- **Problem to work on**:
In the records below, the lines from the one containing "parameter values; comparing" through the last are to be reproduced exactly and alone.

- **Information shown**:
(* In the setting of the context, the four functions $u=H_{2n}$, $v=H_{2n+1}$, $f=S^{[1]}_{2n}$, $g=S^{[1]}_{2n+1}$ satisfy the following three systems of nonlinear difference equations. (1) For the shifts $\hat{}\,$, $\tilde{}\,$, $\bar{}\,$: \begin{align*} g(\tilde{f}-\hat{f})+\tilde{g}(\tilde{\hat{f}}-\tilde{f})+\hat{g}(\hat{f}-\hat{\tilde{f}})&=\frac{1}{\tilde{d}}\left(\frac{\hat{\bar {u}}}{\hat{\tilde{u}}}-\frac{\bar {u}}{\tilde{u}}\right)+\frac{1}{\hat{d}}\left(\frac{\bar {u}}{\hat{u}}-\frac{\tilde{\bar {u}}}{\tilde{\hat{u}}}\right),\\ \bar {f}(\hat{g}-\tilde{g})+\tilde{\bar{f}}(\tilde{g}-\tilde{\hat{g}})+\hat{\bar {f}}(\hat{\tilde{g}}-\hat{g})&= \frac{1}{\tilde{d}}\left(\frac{\bar {v}}{\tilde{v}}-\frac{\hat{\bar {v}}}{\hat{\tilde{v}}}\right),\\ \frac{1}{\tilde{d}}\frac{\hat{\bar {u}}}{\hat{\tilde{u}}}(\hat{\bar {f}}-\bar {f})+\frac{1}{\hat{d}}\frac{\tilde{\bar {u}}}{\tilde{\hat{u}}}(\bar {f}-\tilde{\bar {f}})+\frac{1}{\tilde{d}}\frac{\bar {v}}{\tilde{v}}(\tilde{f}-\tilde{\hat{f}})&=0,\\ \frac{1}{\hat{d}}\frac{\bar {\bar {u}}}{\hat{\bar {u}}}(\hat{g}-\hat{\tilde{g}})+\frac{1}{\tilde{d}}\frac{\bar {\bar {u}}}{\tilde{\bar {u}}}(\tilde{\hat{g}}-\tilde{g})+\frac{1}{\tilde{d}}\frac{\hat{\bar {v}}}{\hat{\tilde{v}}}(\bar {g}-\hat{\bar {g}})&=0. \end{align*} (2) For the shifts $\check{}\,$, $\tilde{}\,$, $\bar{}\,$: \begin{align*} g(\tilde{f}-\check{f})+\tilde{g}(\check{\tilde{f}}-\tilde{f})+\check{g}(\check{f}-\check{\tilde{f}})&=\frac{1}{\tilde{d}}\left(\frac{\check{\bar {u}}}{\check{\tilde{u}}}-\frac{\bar {u}}{\tilde{u}}\right),\\ \bar {f}(\tilde{g}-\check{g})+\tilde{\bar {f}}(\tilde{\check{g}}-\tilde{g})+\check{\bar {f}}(\check{g}-\check{\tilde{g}})&= \frac{1}{\tilde{d}}\left(\frac{\check{\bar {v}}}{\check{\tilde{v}}}-\frac{\bar {v}}{\tilde{v}}\right)+\frac{1}{\check{d}}\left(\frac{\bar {v}}{\check{v}}-\frac{\tilde{\bar {v}}}{\check{\tilde{v}}}\right),\\ \frac{1}{\tilde{d}}\frac{\check{\bar {u}}}{\check{\tilde{u}}}(\bar {f}-\check{\bar {f}})+\frac{1}{\check{d}}\frac{\bar {v}}{\check{v}}(\check{f}-\check{\tilde{f}})+\frac{1}{\tilde{d}}\frac{\bar {v}}{\tilde{v}}(\tilde{\check{f}}-\tilde{f})&=0,\\ \frac{1}{\tilde{d}}\frac{\bar {\bar {u}}}{\tilde{\bar {u}}}(\tilde{g}-\tilde{\check{g}}) +\frac{1}{\check{d}}\frac{\tilde{\bar {v}}}{\tilde{\check{v}}}(\bar {g}-\tilde{\bar {g}})+\frac{1}{\tilde{d}}\frac{\check{\bar {v}}}{\check{\tilde{v}}}(\check{\bar {g}}-\bar {g})&=0. \end{align*} (3) For the shifts $\hat{}\,$, $\check{}\,$, $\bar{}\,$: \begin{align*} \frac{1}{\hat d}\frac{\check{\bar {u}}}{\check{\hat{u}}}(\bar {f}-\check{\bar {f}})+\frac{1}{\check d}\frac{\bar {v}}{\check{v}}(\check{f}-\check{\hat{f}})&=0,\\ \frac{1}{\hat d}\frac{\bar {\bar {u}}}{\hat{\bar {u}}}(\hat{\check{g}}-\hat{g})+\frac{1}{\check d}\frac{\hat{\bar {v}}}{\check{\hat{v}}}(\hat{\bar {g}}-\bar {g})&= 0,\\ g(\check{f}-\hat{f})+\check{g}(\check{\hat{f}}-\check{f})+\hat{g}(\hat{f}-\check{\hat{f}})&=\frac{1}{\hat{d}}\left(\frac{\bar {u}}{\hat{u}}-\frac{\check{\bar {u}}}{\hat{\check{u}}}\right),\\ \bar {f}(\check{g}-\hat{g})+\check{\bar {f}}(\check{\hat{g}}-{\check{g}})+\hat{\bar {f}}(\hat{g}-\check{\hat{g}})&=\frac{1}{\check{d}}\left(\frac{\hat{\bar {v}}}{\check{\hat{v}}}-\frac{\bar {v}}{\check{v}}\right). \end{align*}
   Context: Fix $N,M^{(1)},M^{(2)}\in\mathbb N_0$, parameters $b^{(a)}_i$ ($a\in\{1,2\}$, $1\le i\le M^{(a)}$), $c_j$ ($1\le j\le N$), $\eta^{(1)},\eta^{(2)}$, and hypergeometric weights on $\mathbb N_0$: $w^{(a)}(k)=\frac{(b^{(a)}_1)_k\cdots(b^{(a)}_{M^{(a)}})_k}{(c_1)_k\cdots(c_N)_k}\frac{(\eta^{(a)})^k}{k!}$, with $(b)_k$ the Pochhammer symbol. The moment matrix $\mathscr M$ (indices from $0$) has entries $\mathscr M_{n,2m}=\sum_{k\ge0}k^{n+m}w^{(1)}(k)$, $\mathscr M_{n,2m+1}=\sum_{k\ge0}k^{n+m}w^{(2)}(k)$. It is assumed that for all parameter values considered (including the shifted ones below) the series converge and all leading principal minors $\tau_n$ of $\mathscr M$ are nonzero, so that $\mathscr M=S^{-1}H\tilde S^{-\top}$ with $S,\tilde S$ lower unitriangular semi-infinite matrices and $H=\operatorname{diag}(H_0,H_1,\dots)$. Write $S=I+\Lambda^\top S^{[1]}+(\Lambda^\top)^2S^{[2]}+\cdots$ with $\Lambda$ the shift matrix (ones on the first superdiagonal) and $S^{[k]}=\operatorname{diag}(S^{[k]}_0,S^{[k]}_1,\dots)$; thus $S^{[1]}_n$ is the coefficient of $x^{n}$ in the monic type II multiple orthogonal polynomial $B_{n+1}$ given by the entries of $SX(x)$, $X(x)=(1,x,x^2,\dots)^\top$. Shift notation for a function $u$ of $n$ and the parameters: $\hat u$ is $u$ with one fixed parameter $b^{(1)}_r$ replaced by $b^{(1)}_r+1$, and $\hat d:=b^{(1)}_r$; $\check u$ is $u$ with one fixed parameter $b^{(2)}_q$ replaced by $b^{(2)}_q+1$, and $\check d:=b^{(2)}_q$; $\tilde u$ is $u$ with one fixed parameter $c_s$ replaced by $c_s-1$, and $\tilde d:=c_s-1$; $\bar u$ is $u$ with $n$ replaced by $n+2$. Combined symbols denote the composition of the corresponding shifts. *)

theory Defs
  imports "Jordan_Normal_Form.Determinant"
begin

definition hweight :: "complex list \<Rightarrow> complex list \<Rightarrow> complex \<Rightarrow> nat \<Rightarrow> complex" where
  "hweight bs cs eta k =
     (\<Prod>b\<leftarrow>bs. pochhammer b k) / (\<Prod>c\<leftarrow>cs. pochhammer c k) * eta ^ k / fact k"

definition mom_term :: "complex list \<Rightarrow> complex list \<Rightarrow> complex list \<Rightarrow> complex \<Rightarrow> complex
    \<Rightarrow> nat \<Rightarrow> nat \<Rightarrow> nat \<Rightarrow> complex" where
  "mom_term b1 b2 cs e1 e2 i j k =
     (if even j then of_nat k ^ (i + j div 2) * hweight b1 cs e1 k
      else of_nat k ^ (i + j div 2) * hweight b2 cs e2 k)"

definition moment :: "complex list \<Rightarrow> complex list \<Rightarrow> complex list \<Rightarrow> complex \<Rightarrow> complex
    \<Rightarrow> nat \<Rightarrow> nat \<Rightarrow> complex" where
  "moment b1 b2 cs e1 e2 i j = (\<Sum>k. mom_term b1 b2 cs e1 e2 i j k)"

definition tau :: "(nat \<Rightarrow> nat \<Rightarrow> complex) \<Rightarrow> nat \<Rightarrow> complex" where
  "tau M n = det (mat n n (\<lambda>(i, j). M i j))"

text \<open>Gauss--Borel factorization M = S^{-1} H St^{-T} with S, St lower unitriangular and
  H diagonal, written in the equivalent form S M St^T = H (all sums are finite because
  S and St are lower triangular).\<close>
definition is_gauss_borel ::
  "(nat \<Rightarrow> nat \<Rightarrow> complex) \<Rightarrow> (nat \<Rightarrow> nat \<Rightarrow> complex) \<Rightarrow> (nat \<Rightarrow> complex)
     \<Rightarrow> (nat \<Rightarrow> nat \<Rightarrow> complex) \<Rightarrow> bool" where
  "is_gauss_borel M S H St \<longleftrightarrow>
     (\<forall>i j. i < j \<longrightarrow> S i j = 0) \<and> (\<forall>i. S i i = 1) \<and>
     (\<forall>i j. i < j \<longrightarrow> St i j = 0) \<and> (\<forall>i. St i i = 1) \<and>
     (\<forall>i j. (\<Sum>l\<le>j. \<Sum>k\<le>i. S i k * M k l * St j l) = (if i = j then H i else 0))"

definition gauss_borel :: "(nat \<Rightarrow> nat \<Rightarrow> complex)
    \<Rightarrow> (nat \<Rightarrow> nat \<Rightarrow> complex) \<times> (nat \<Rightarrow> complex) \<times> (nat \<Rightarrow> nat \<Rightarrow> complex)" where
  "gauss_borel M = (THE (S, H, St). is_gauss_borel M S H St)"

text \<open>H_m (diagonal entry of H) and S^{[1]}_m = S_{m+1,m}, the coefficient of x^m in B_{m+1}.\<close>
definition GB_H :: "(nat \<Rightarrow> nat \<Rightarrow> complex) \<Rightarrow> nat \<Rightarrow> complex" where
  "GB_H M m = fst (snd (gauss_borel M)) m"

definition GB_S1 :: "(nat \<Rightarrow> nat \<Rightarrow> complex) \<Rightarrow> nat \<Rightarrow> complex" where
  "GB_S1 M m = fst (gauss_borel M) (Suc m) m"

definition standing_assms :: "complex list \<Rightarrow> complex list \<Rightarrow> complex list \<Rightarrow> complex \<Rightarrow> complex \<Rightarrow> bool" where
  "standing_assms b1 b2 cs e1 e2 \<longleftrightarrow>
     (\<forall>k. (\<Prod>c\<leftarrow>cs. pochhammer c k) \<noteq> 0) \<and>
     (\<forall>i j. summable (mom_term b1 b2 cs e1 e2 i j)) \<and>
     (\<forall>n. tau (moment b1 b2 cs e1 e2) n \<noteq> 0)"

end

theory Submission
  imports Defs
begin

(* Changing b^(1)_r to b^(1)_r + 1, b^(2)_q to b^(2)_q + 1 or c_s to c_s - 1 multiplies the weight
   by 1 + k/d. Since column l + 2 of the moment matrix is column l multiplied by k, the shifted moment
   matrix is obtained by adding c_l times column l + 2 to every column l, where c_l = 1/d on the even
   columns, on the odd columns, or on all columns, respectively. For the Gauss-Borel factorizations
   this gives a three-term connection formula: row i + 2 of S is row i + 2 of the shifted S plus
   multiples of its rows i + 1 and i, the last coefficient being c_i H_(i+2) / H'_i. Two shifts
   commute, so the connection formulas can be composed along both routes around a square of
   parameter values; comparing the entries (i + 2, i) and (i + 3, i) obtained along the two routes
   gives two identities for every i, and i = 2n, 2n + 1 give the four equations of each system. *)

section \<open>Nonsingular leading principal minors\<close>

lemma det_mat_transposed_entries:
  "det (mat n n (\<lambda>(i, j). M j i)) = det (mat n n (\<lambda>(i, j). M i j))"
proof -
  have "mat n n (\<lambda>(i, j). M j i) = transpose_mat (mat n n (\<lambda>(i, j). M i j))"
    by (rule eq_matI) auto
  then show ?thesis
    by (simp add: det_transpose[of _ n])
qed

lemma mat_mult_vec_nth:
  "k < n \<Longrightarrow> (mat n n (\<lambda>(i, j). M i j) *\<^sub>v vec n y) $ k = (\<Sum>l<n. M k l * y l)"
  by (simp add: scalar_prod_def row_def atLeast0LessThan)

- **Task output**:
   parameter values; comparing the entries (i + 2, i) and (i + 3, i) obtained along the two routes
   gives two identities for every i, and i = 2n, 2n + 1 give the four equations of each system. *)

section \<open>Nonsingular leading principal minors\<close>

lemma det_mat_transposed_entries:
  "det (mat n n (\<lambda>(i, j). M j i)) = det (mat n n (\<lambda>(i, j). M i j))"
proof -
  have "mat n n (\<lambda>(i, j). M j i) = transpose_mat (mat n n (\<lambda>(i, j). M i j))"
    by (rule eq_matI) auto
  then show ?thesis
    by (simp add: det_transpose[of _ n])
qed

lemma mat_mult_vec_nth:
  "k < n \<Longrightarrow> (mat n n (\<lambda>(i, j). M i j) *\<^sub>v vec n y) $ k = (\<Sum>l<n. M k l * y l)"
  by (simp add: scalar_prod_def row_def atLeast0LessThan)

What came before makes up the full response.